### Your assignment
Search the entries for the word "lower" and return every line where it is found.

-- Opening Marker --

(* Let $\beta>0$ and let $L:(0,\infty)\to(0,\infty)$ be slowly varying at $\infty$ with $n\mapsto L(e^n)$ ultimately monotonically increasing. For all sufficiently large $y$, let $n\ge2$ be the integer with $n-1+\frac{1}{2\beta}\log L(e^{2n-2})\le y<n+\frac{1}{2\beta}\log L(e^{2n})$, and define \[ g_1(y)=\begin{cases} n-1, & \text{if } n-1+\frac{1}{2\beta}\log L(e^{2n-2})\le y<n-1+\frac1{2\beta}\log L(e^{2n}),\\ y-\frac{1}{2\beta}\log L(e^{2n}), & \text{if } n-1+\frac1{2\beta}\log L(e^{2n})\le y<n+\frac1{2\beta}\log L(e^{2n}),\end{cases} \] and $\tilde g_1(y)=y-\frac{1}{2\beta}\log L(e^{2n-2})$. Then $\tilde g_1(y)-g_1(y)\to0$ as $y\to\infty$. *)

theory Defs
  imports Complex_Main
begin

definition slowly_varying :: "(real \<Rightarrow> real) \<Rightarrow> bool" where
  "slowly_varying L \<longleftrightarrow> (\<forall>lam>0. ((\<lambda>x. L (lam * x) / L x) \<longlongrightarrow> 1) at_top)"

definition lowpt :: "real \<Rightarrow> (real \<Rightarrow> real) \<Rightarrow> nat \<Rightarrow> real" where
  "lowpt \<beta> L n = real n - 1 + ln (L (exp (2 * real n - 2))) / (2 * \<beta>)"

definition idx :: "real \<Rightarrow> (real \<Rightarrow> real) \<Rightarrow> real \<Rightarrow> nat" where
  "idx \<beta> L y = (THE n. 2 \<le> n \<and> lowpt \<beta> L n \<le> y \<and> y < lowpt \<beta> L (n + 1))"

definition g1 :: "real \<Rightarrow> (real \<Rightarrow> real) \<Rightarrow> real \<Rightarrow> real" where
  "g1 \<beta> L y = (let n = idx \<beta> L y in
     if y < real n - 1 + ln (L (exp (2 * real n))) / (2 * \<beta>) then real n - 1
     else y - ln (L (exp (2 * real n))) / (2 * \<beta>))"

definition g1_tilde :: "real \<Rightarrow> (real \<Rightarrow> real) \<Rightarrow> real \<Rightarrow> real" where
  "g1_tilde \<beta> L y = (let n = idx \<beta> L y in y - ln (L (exp (2 * real n - 2))) / (2 * \<beta>))"

end

theory Submission
  imports Defs "HOL-Real_Asymp.Real_Asymp"
begin

text \<open>
  With \<open>a n = lowpt \<beta> L n\<close> and \<open>\<delta> = ln_increment L\<close> one has
  \<open>a (n + 1) = a n + 1 + \<delta> n / (2\<beta>)\<close>. Monotonicity of \<open>L(e\<^sup>n)\<close> makes \<open>\<delta> n \<ge> 0\<close>
  eventually, so \<open>a\<close> eventually grows by steps \<open>\<ge> 1\<close>; hence for large \<open>y\<close> the index
  \<open>n = idx \<beta> L y\<close> is well defined and tends to infinity. On \<open>[a n, a (n + 1))\<close> the difference
  \<open>g1_tilde - g1\<close> lies in \<open>[0, \<delta> n / (2\<beta>)]\<close>, and \<open>\<delta> n \<rightarrow> 0\<close> because \<open>L\<close> is slowly varying.
\<close>

definition ln_increment :: "(real \<Rightarrow> real) \<Rightarrow> nat \<Rightarrow> real" where
  "ln_increment L n = ln (L (exp (2 * real n))) - ln (L (exp (2 * real n - 2)))"

lemma slowly_varying_ln_diff_tendsto_0:
  assumes "slowly_varying L" and pos: "\<forall>x>0. L x > 0" and "c > 0"
  shows "((\<lambda>x. ln (L (c * x)) - ln (L x)) \<longlongrightarrow> 0) at_top"
proof -
  have "((\<lambda>x. L (c * x) / L x) \<longlongrightarrow> 1) at_top"
    using assms(1,3) unfolding slowly_varying_def by blast
  then have "((\<lambda>x. ln (L (c * x) / L x)) \<longlongrightarrow> ln 1) at_top"
    by (rule tendsto_ln) simp
  moreover have "eventually (\<lambda>x. ln (L (c * x) / L x) = ln (L (c * x)) - ln (L x)) at_top"
  proof (rule eventually_mono[OF eventually_gt_at_top[of 0]])
    fix x :: real
    assume "x > 0"
    then have "L (c * x) > 0" and "L x > 0"
      using pos \<open>c > 0\<close> by simp_all
    then show "ln (L (c * x) / L x) = ln (L (c * x)) - ln (L x)"
      by (simp add: ln_div)
  qed
  ultimately show ?thesis
    by (simp add: tendsto_cong)
qed

lemma ln_increment_tendsto_0:
  assumes "slowly_varying L" and "\<forall>x>0. L x > 0"
  shows "ln_increment L \<longlonglongrightarrow> 0"
proof -
  have "((\<lambda>x. ln (L (exp 2 * x)) - ln (L x)) \<longlongrightarrow> 0) at_top"
    using slowly_varying_ln_diff_tendsto_0[OF assms] by simp
  moreover have "filterlim (\<lambda>n::nat. exp (2 * real n - 2)) at_top sequentially"
    by real_asymp
  ultimately have "((\<lambda>n. ln (L (exp 2 * exp (2 * real n - 2))) - ln (L (exp (2 * real n - 2))))
      \<longlongrightarrow> 0) sequentially"
    by (rule filterlim_compose)
  then show ?thesis
    unfolding ln_increment_def[abs_def] by (simp add: mult_exp_exp)
qed

lemma eventually_ln_increment_nonneg:
  assumes pos: "\<forall>x>0. L x > 0"
    and "eventually (\<lambda>n::nat. L (exp (real n)) \<le> L (exp (real (Suc n)))) sequentially"
  shows "eventually (\<lambda>n. 0 \<le> ln_increment L n) sequentially"
proof -
  obtain N where N: "\<And>n. n \<ge> N \<Longrightarrow> L (exp (real n)) \<le> L (exp (real (Suc n)))"
    using assms(2) unfolding eventually_sequentially by blast
  have "0 \<le> ln_increment L n" if "n \<ge> N + 1" for n
  proof -
    have "real (2 * n - 2) = 2 * real n - 2" and "2 * n - 2 \<ge> N"
      using that by (auto simp: of_nat_diff)
    then have "L (exp (2 * real n - 2)) \<le> L (exp (2 * real n - 1))"
      and "L (exp (2 * real n - 1)) \<le> L (exp (2 * real n))"
      using N[of "2 * n - 2"] N[of "2 * n - 1"] that by (auto simp: of_nat_diff)
    then show ?thesis
      unfolding ln_increment_def using pos by simp
  qed
  then show ?thesis
    unfolding eventually_sequentially by blast
qed

lemma lowpt_Suc:
  assumes "\<beta> \<noteq> 0"
  shows "lowpt \<beta> L (Suc n) = lowpt \<beta> L n + 1 + ln_increment L n / (2 * \<beta>)"
  unfolding lowpt_def ln_increment_def using assms by (simp add: field_simps)

lemma filterlim_at_top_if_eventually_increment:
  fixes a :: "nat \<Rightarrow> real"
  assumes "eventually (\<lambda>n. a n + c \<le> a (Suc n)) sequentially" and "c > 0"
  shows "filterlim a at_top sequentially"
proof -
  obtain N where N: "\<And>n. n \<ge> N \<Longrightarrow> a n + c \<le> a (Suc n)"
    using assms(1) unfolding eventually_sequentially by blast
  have lower: "a N + (real n - real N) * c \<le> a n" if "N \<le> n" for n
    using that
  proof (induction n rule: dec_induct)
    case (step m)
    then show ?case using N[of m] by (simp add: algebra_simps)
  qed simp
  have "filterlim (\<lambda>n::nat. a N + (real n - real N) * c) at_top sequentially"
    using \<open>c > 0\<close> by real_asymp
  then show ?thesis
    by (rule filterlim_at_top_mono) (use lower in \<open>auto simp: eventually_sequentially\<close>)
qed

text \<open>Uniqueness holds among all \<open>m\<close>, including those before \<open>a\<close> becomes monotone: for
  large \<open>y\<close> the finitely many early intervals all lie below \<open>y\<close>.\<close>

lemma eventually_unique_bracket:
  fixes a :: "nat \<Rightarrow> real"
  assumes "eventually (\<lambda>n. a n \<le> a (Suc n)) sequentially" and "filterlim a at_top sequentially"
  shows "eventually (\<lambda>y. \<exists>n\<ge>M. a n \<le> y \<and> y < a (Suc n) \<and>
           (\<forall>m. a m \<le> y \<and> y < a (Suc m) \<longrightarrow> m = n)) at_top"
proof -
  obtain N where N: "\<And>n. n \<ge> N \<Longrightarrow> a n \<le> a (Suc n)"
    using assms(1) unfolding eventually_sequentially by blast
  have mono: "a i \<le> a j" if "N \<le> i" "i \<le> j" for i j
    using that(2)
  proof (induction j rule: dec_induct)
    case (step k)
    then show ?case using N[of k] that(1) by simp
  qed simp
  define K where "K = max M N"
  define Y where "Y = Max ((\<lambda>m. a (Suc m)) ` {..K})"
  have Y: "a (Suc m) \<le> Y" if "m \<le> K" for m
    unfolding Y_def using that by auto
  have "\<exists>n\<ge>M. a n \<le> y \<and> y < a (Suc n) \<and> (\<forall>m. a m \<le> y \<and> y < a (Suc m) \<longrightarrow> m = n)"
    if "Y \<le> y" for y
  proof -
    define P where "P = (\<lambda>n. Suc K \<le> n \<and> a n \<le> y)"
    have "P (Suc K)"
      using Y[of K] that unfolding P_def by simp
    obtain B where B: "\<And>n. n \<ge> B \<Longrightarrow> y < a n"
      using assms(2) unfolding filterlim_at_top_dense eventually_sequentially by blast
    have bounded: "\<forall>n. P n \<longrightarrow> n \<le> B"
      using B unfolding P_def by (metis nat_le_linear not_le)
    then obtain n where "P n" and greatest: "\<And>m. P m \<Longrightarrow> m \<le> n"
      using Nat.ex_has_greatest_nat[of P "Suc K" B] \<open>P (Suc K)\<close> bounded by blast
    have "\<not> P (Suc n)"
      using greatest[of "Suc n"] Suc_n_not_le_n by blast
    then have n: "Suc K \<le> n" "a n \<le> y" "y < a (Suc n)"
      using \<open>P n\<close> unfolding P_def by auto
    have unique: "m = n" if m: "a m \<le> y" "y < a (Suc m)" for m
    proof -
      have "\<not> m \<le> K"
        using Y[of m] m \<open>Y \<le> y\<close> by force
      then have "N \<le> m" and "N \<le> n"
        using n(1) unfolding K_def by auto
      show ?thesis
      proof (rule linorder_cases[of m n])
        assume "m < n"
        then show ?thesis
          using mono[of "Suc m" n] \<open>N \<le> m\<close> m n by simp
      next
        assume "n < m"
        then show ?thesis
          using mono[of "Suc n" m] \<open>N \<le> n\<close> m n by simp
      qed
    qed
    have "M \<le> n"
      using n(1) unfolding K_def by simp
    with n unique show ?thesis
      by blast
  qed
  then show ?thesis
    unfolding eventually_at_top_linorder by blast
qed

lemma eventually_idx_bracket:
  assumes "\<beta> > 0" and "\<forall>x>0. L x > 0"
    and "eventually (\<lambda>n::nat. L (exp (real n)) \<le> L (exp (real (Suc n)))) sequentially"
  shows "eventually (\<lambda>y. M \<le> idx \<beta> L y \<and> lowpt \<beta> L (idx \<beta> L y) \<le> y) at_top"
proof -
  have step: "eventually (\<lambda>n. lowpt \<beta> L n + 1 \<le> lowpt \<beta> L (Suc n)) sequentially"
    using eventually_ln_increment_nonneg[OF assms(2,3)]
    by eventually_elim (use \<open>\<beta> > 0\<close> in \<open>simp add: lowpt_Suc\<close>)
  have "eventually (\<lambda>n. lowpt \<beta> L n \<le> lowpt \<beta> L (Suc n)) sequentially"
    using step by eventually_elim simp
  moreover have "filterlim (lowpt \<beta> L) at_top sequentially"
    using step by (rule filterlim_at_top_if_eventually_increment) simp
  ultimately have "eventually (\<lambda>y. \<exists>n\<ge>max 2 M. lowpt \<beta> L n \<le> y \<and> y < lowpt \<beta> L (Suc n) \<and>
      (\<forall>m. lowpt \<beta> L m \<le> y \<and> y < lowpt \<beta> L (Suc m) \<longrightarrow> m = n)) at_top"
    by (rule eventually_unique_bracket)
  then show ?thesis
  proof eventually_elim
    case (elim y)
    then obtain n where n: "max 2 M \<le> n" "lowpt \<beta> L n \<le> y" "y < lowpt \<beta> L (Suc n)"
      and unique: "\<And>m. lowpt \<beta> L m \<le> y \<Longrightarrow> y < lowpt \<beta> L (Suc m) \<Longrightarrow> m = n"
      by blast
    have "idx \<beta> L y = n"
      unfolding idx_def
    proof (rule the_equality)
      show "2 \<le> n \<and> lowpt \<beta> L n \<le> y \<and> y < lowpt \<beta> L (n + 1)"
        using n by simp
    next
      fix m
      assume "2 \<le> m \<and> lowpt \<beta> L m \<le> y \<and> y < lowpt \<beta> L (m + 1)"
      then show "m = n"
        using unique by simp
    qed
    then show ?case
      using n by simp
  qed
qed

lemma g1_tilde_minus_g1_bound:
  assumes "\<beta> > 0" and "idx \<beta> L y = n" and "lowpt \<beta> L n \<le> y" and "0 \<le> ln_increment L n"
  shows "\<bar>g1_tilde \<beta> L y - g1 \<beta> L y\<bar> \<le> ln_increment L n / (2 * \<beta>)"
proof -
  have "ln_increment L n / (2 * \<beta>)
      = ln (L (exp (2 * real n))) / (2 * \<beta>) - ln (L (exp (2 * real n - 2))) / (2 * \<beta>)"
    unfolding ln_increment_def by (simp add: diff_divide_distrib)
  moreover have "0 \<le> ln_increment L n / (2 * \<beta>)"
    using assms(1,4) by simp
  ultimately show ?thesis
    using assms(3) unfolding g1_tilde_def g1_def lowpt_def assms(2) Let_def by (auto; linarith)
qed

theorem lemmaA1:
  fixes \<beta> :: real and L :: "real \<Rightarrow> real"
  assumes "\<beta> > 0"
    and "\<forall>x>0. L x > 0"
    and "slowly_varying L"
    and "eventually (\<lambda>n::nat. L (exp (real n)) \<le> L (exp (real (Suc n)))) sequentially"
  shows "((\<lambda>y. g1_tilde \<beta> L y - g1 \<beta> L y) \<longlongrightarrow> 0) at_top"
proof -
  obtain N where N: "\<And>n. n \<ge> N \<Longrightarrow> 0 \<le> ln_increment L n"
    using eventually_ln_increment_nonneg[OF assms(2,4)] unfolding eventually_sequentially by blast
  have idx: "eventually (\<lambda>y. M \<le> idx \<beta> L y \<and> lowpt \<beta> L (idx \<beta> L y) \<le> y) at_top" for M
    using eventually_idx_bracket[OF assms(1,2,4)] .
  have "filterlim (idx \<beta> L) sequentially at_top"
    unfolding filterlim_at_top
  proof
    fix M
    show "eventually (\<lambda>y. M \<le> idx \<beta> L y) at_top"
      using idx[of M] by eventually_elim simp
  qed
  with ln_increment_tendsto_0[OF assms(3,2)]
  have "((\<lambda>y. ln_increment L (idx \<beta> L y)) \<longlongrightarrow> 0) at_top"
    by (rule filterlim_compose)
  moreover have "eventually (\<lambda>y. norm (g1_tilde \<beta> L y - g1 \<beta> L y)
      \<le> norm (ln_increment L (idx \<beta> L y)) * (1 / (2 * \<beta>))) at_top"
    using idx[of N] by eventually_elim (use g1_tilde_minus_g1_bound[OF assms(1)] N in force)
  ultimately show ?thesis
    by (rule tendsto_0_le)
qed

end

-- Closing Marker --

### Response to the exercise
  have lower: "a N + (real n - real N) * c \<le> a n" if "N \<le> n" for n
    by (rule filterlim_at_top_mono) (use lower in \<open>auto simp: eventually_sequentially\<close>)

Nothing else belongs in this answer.